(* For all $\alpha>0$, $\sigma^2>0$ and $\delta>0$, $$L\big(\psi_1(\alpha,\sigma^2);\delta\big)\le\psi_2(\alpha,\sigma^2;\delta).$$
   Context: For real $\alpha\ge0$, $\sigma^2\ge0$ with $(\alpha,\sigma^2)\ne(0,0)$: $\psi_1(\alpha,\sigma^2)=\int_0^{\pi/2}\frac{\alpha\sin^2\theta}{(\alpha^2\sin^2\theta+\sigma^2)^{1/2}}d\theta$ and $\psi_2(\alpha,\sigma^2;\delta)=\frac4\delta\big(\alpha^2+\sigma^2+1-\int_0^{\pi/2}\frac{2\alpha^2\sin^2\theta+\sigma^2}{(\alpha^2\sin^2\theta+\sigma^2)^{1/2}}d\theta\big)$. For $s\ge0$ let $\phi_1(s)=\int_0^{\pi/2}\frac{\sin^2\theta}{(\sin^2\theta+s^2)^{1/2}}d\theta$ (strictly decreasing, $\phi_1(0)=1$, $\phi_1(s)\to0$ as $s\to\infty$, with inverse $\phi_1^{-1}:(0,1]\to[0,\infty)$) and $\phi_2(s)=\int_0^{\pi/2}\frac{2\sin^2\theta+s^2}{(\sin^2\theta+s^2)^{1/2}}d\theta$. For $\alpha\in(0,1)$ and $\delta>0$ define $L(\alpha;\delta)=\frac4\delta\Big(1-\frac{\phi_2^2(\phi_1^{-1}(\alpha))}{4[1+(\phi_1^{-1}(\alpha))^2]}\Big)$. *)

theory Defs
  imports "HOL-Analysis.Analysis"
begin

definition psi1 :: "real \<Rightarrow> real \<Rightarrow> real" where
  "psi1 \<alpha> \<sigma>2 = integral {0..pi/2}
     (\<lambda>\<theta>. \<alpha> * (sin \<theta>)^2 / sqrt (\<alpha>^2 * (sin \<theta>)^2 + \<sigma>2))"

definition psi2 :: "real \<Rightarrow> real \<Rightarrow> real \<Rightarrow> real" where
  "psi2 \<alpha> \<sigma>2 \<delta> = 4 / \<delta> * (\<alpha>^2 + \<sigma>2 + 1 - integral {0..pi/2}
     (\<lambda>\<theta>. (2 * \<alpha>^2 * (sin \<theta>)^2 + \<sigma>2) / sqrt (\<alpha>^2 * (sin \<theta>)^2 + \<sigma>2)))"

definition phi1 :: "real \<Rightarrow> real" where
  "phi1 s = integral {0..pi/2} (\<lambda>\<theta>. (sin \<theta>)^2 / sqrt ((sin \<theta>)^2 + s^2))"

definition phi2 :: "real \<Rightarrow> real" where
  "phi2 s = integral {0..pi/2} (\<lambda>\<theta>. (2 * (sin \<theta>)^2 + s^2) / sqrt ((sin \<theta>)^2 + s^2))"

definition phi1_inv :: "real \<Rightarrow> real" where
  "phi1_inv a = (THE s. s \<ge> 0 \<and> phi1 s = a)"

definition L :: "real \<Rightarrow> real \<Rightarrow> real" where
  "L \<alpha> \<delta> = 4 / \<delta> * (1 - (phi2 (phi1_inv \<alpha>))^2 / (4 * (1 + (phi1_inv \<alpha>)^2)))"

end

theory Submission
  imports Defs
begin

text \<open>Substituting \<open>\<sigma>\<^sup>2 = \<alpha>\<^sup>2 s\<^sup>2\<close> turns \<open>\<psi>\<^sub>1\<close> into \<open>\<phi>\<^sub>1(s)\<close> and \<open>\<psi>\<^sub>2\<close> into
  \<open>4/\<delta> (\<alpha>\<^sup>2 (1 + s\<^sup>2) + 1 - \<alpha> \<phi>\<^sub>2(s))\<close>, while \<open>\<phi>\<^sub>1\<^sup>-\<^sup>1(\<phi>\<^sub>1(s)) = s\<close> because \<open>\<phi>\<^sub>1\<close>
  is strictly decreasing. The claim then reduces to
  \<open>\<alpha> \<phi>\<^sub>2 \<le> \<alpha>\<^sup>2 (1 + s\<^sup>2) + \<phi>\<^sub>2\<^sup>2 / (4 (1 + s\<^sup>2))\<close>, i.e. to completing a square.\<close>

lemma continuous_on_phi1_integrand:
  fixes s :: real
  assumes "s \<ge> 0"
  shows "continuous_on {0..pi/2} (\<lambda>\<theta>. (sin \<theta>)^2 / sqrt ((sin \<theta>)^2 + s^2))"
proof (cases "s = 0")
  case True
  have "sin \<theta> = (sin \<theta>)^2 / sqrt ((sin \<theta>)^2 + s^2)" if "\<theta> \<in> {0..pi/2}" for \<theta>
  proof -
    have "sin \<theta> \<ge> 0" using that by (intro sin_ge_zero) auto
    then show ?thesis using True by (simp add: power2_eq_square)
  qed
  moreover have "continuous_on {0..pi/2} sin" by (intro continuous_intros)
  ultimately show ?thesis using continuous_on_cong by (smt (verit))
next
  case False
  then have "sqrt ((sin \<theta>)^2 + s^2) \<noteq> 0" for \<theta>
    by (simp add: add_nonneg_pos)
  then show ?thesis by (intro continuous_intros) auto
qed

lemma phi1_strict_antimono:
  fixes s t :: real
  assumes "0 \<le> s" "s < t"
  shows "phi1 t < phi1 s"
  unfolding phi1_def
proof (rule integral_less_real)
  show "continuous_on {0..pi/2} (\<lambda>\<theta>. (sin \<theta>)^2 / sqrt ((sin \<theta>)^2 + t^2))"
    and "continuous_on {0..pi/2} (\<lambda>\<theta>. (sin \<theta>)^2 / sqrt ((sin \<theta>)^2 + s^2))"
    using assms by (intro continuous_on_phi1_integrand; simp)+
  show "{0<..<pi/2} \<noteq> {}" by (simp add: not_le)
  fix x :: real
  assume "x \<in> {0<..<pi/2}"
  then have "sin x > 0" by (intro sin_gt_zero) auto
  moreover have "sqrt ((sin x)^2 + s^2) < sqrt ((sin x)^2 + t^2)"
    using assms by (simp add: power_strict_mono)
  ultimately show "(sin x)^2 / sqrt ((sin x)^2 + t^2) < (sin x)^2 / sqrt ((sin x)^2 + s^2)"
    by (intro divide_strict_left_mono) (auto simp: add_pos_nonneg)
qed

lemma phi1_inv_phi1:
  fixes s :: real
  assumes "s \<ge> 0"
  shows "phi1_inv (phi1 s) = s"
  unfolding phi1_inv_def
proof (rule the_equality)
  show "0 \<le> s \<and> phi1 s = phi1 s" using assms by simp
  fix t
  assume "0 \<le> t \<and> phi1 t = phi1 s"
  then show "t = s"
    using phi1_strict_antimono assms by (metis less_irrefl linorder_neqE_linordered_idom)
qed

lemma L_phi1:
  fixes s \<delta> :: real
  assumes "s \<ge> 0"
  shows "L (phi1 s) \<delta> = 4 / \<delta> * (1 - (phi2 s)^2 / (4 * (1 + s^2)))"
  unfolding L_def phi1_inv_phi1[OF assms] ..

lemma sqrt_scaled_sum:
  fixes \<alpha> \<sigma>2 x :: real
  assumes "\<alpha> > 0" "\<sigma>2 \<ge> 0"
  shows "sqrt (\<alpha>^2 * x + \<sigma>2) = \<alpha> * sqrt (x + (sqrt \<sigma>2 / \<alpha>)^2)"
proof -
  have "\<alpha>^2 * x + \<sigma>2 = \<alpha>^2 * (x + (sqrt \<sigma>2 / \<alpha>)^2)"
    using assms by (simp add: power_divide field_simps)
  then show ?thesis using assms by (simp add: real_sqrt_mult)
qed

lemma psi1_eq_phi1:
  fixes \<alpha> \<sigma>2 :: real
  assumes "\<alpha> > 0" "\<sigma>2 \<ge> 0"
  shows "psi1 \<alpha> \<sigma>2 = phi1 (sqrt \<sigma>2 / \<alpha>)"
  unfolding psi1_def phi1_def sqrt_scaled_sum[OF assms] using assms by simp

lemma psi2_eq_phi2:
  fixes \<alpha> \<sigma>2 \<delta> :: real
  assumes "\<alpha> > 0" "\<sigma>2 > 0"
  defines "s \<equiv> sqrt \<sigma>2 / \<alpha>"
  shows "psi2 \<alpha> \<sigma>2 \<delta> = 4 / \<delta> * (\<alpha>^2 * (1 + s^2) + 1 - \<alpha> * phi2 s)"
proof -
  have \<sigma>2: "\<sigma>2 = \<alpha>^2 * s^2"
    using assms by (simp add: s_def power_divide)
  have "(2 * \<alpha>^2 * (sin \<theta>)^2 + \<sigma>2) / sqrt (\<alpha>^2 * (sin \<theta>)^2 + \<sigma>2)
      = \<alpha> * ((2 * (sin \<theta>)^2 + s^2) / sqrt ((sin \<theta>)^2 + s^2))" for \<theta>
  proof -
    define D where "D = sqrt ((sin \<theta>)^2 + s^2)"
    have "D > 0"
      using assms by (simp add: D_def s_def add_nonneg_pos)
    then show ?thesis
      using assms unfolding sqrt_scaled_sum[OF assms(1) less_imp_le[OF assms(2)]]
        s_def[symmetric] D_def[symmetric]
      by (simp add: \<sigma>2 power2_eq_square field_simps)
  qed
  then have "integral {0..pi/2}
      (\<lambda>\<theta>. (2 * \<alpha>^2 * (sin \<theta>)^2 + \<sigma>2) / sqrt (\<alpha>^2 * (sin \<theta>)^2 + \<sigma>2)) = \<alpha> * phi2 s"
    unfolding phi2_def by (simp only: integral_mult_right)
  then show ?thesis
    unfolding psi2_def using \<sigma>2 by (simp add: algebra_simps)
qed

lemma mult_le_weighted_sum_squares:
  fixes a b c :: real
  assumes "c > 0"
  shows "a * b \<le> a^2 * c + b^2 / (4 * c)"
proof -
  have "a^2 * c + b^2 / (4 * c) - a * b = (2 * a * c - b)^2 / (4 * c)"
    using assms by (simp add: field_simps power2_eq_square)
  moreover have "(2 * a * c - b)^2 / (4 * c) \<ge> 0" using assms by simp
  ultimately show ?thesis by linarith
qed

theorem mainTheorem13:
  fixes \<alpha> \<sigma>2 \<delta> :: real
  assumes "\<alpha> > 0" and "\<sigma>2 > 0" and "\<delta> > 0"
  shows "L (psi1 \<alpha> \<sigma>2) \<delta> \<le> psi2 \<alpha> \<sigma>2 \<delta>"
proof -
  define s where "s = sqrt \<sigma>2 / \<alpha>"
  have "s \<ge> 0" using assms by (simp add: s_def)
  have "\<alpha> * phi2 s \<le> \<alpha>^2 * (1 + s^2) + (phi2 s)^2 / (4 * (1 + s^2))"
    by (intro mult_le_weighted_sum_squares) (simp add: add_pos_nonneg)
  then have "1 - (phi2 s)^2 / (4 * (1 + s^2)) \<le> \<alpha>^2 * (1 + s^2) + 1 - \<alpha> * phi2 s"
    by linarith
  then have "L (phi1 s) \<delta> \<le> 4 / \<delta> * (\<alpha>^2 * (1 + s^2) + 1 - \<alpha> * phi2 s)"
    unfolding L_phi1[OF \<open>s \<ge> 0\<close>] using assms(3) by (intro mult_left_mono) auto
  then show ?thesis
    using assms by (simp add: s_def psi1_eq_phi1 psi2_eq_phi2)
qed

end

DIRECTIONS – Return every line of the listing above that contains "lemma".

RESULT OF THE TASK –
lemma continuous_on_phi1_integrand:
lemma phi1_strict_antimono:
lemma phi1_inv_phi1:
lemma L_phi1:
lemma sqrt_scaled_sum:
lemma psi1_eq_phi1:
lemma psi2_eq_phi2:
lemma mult_le_weighted_sum_squares:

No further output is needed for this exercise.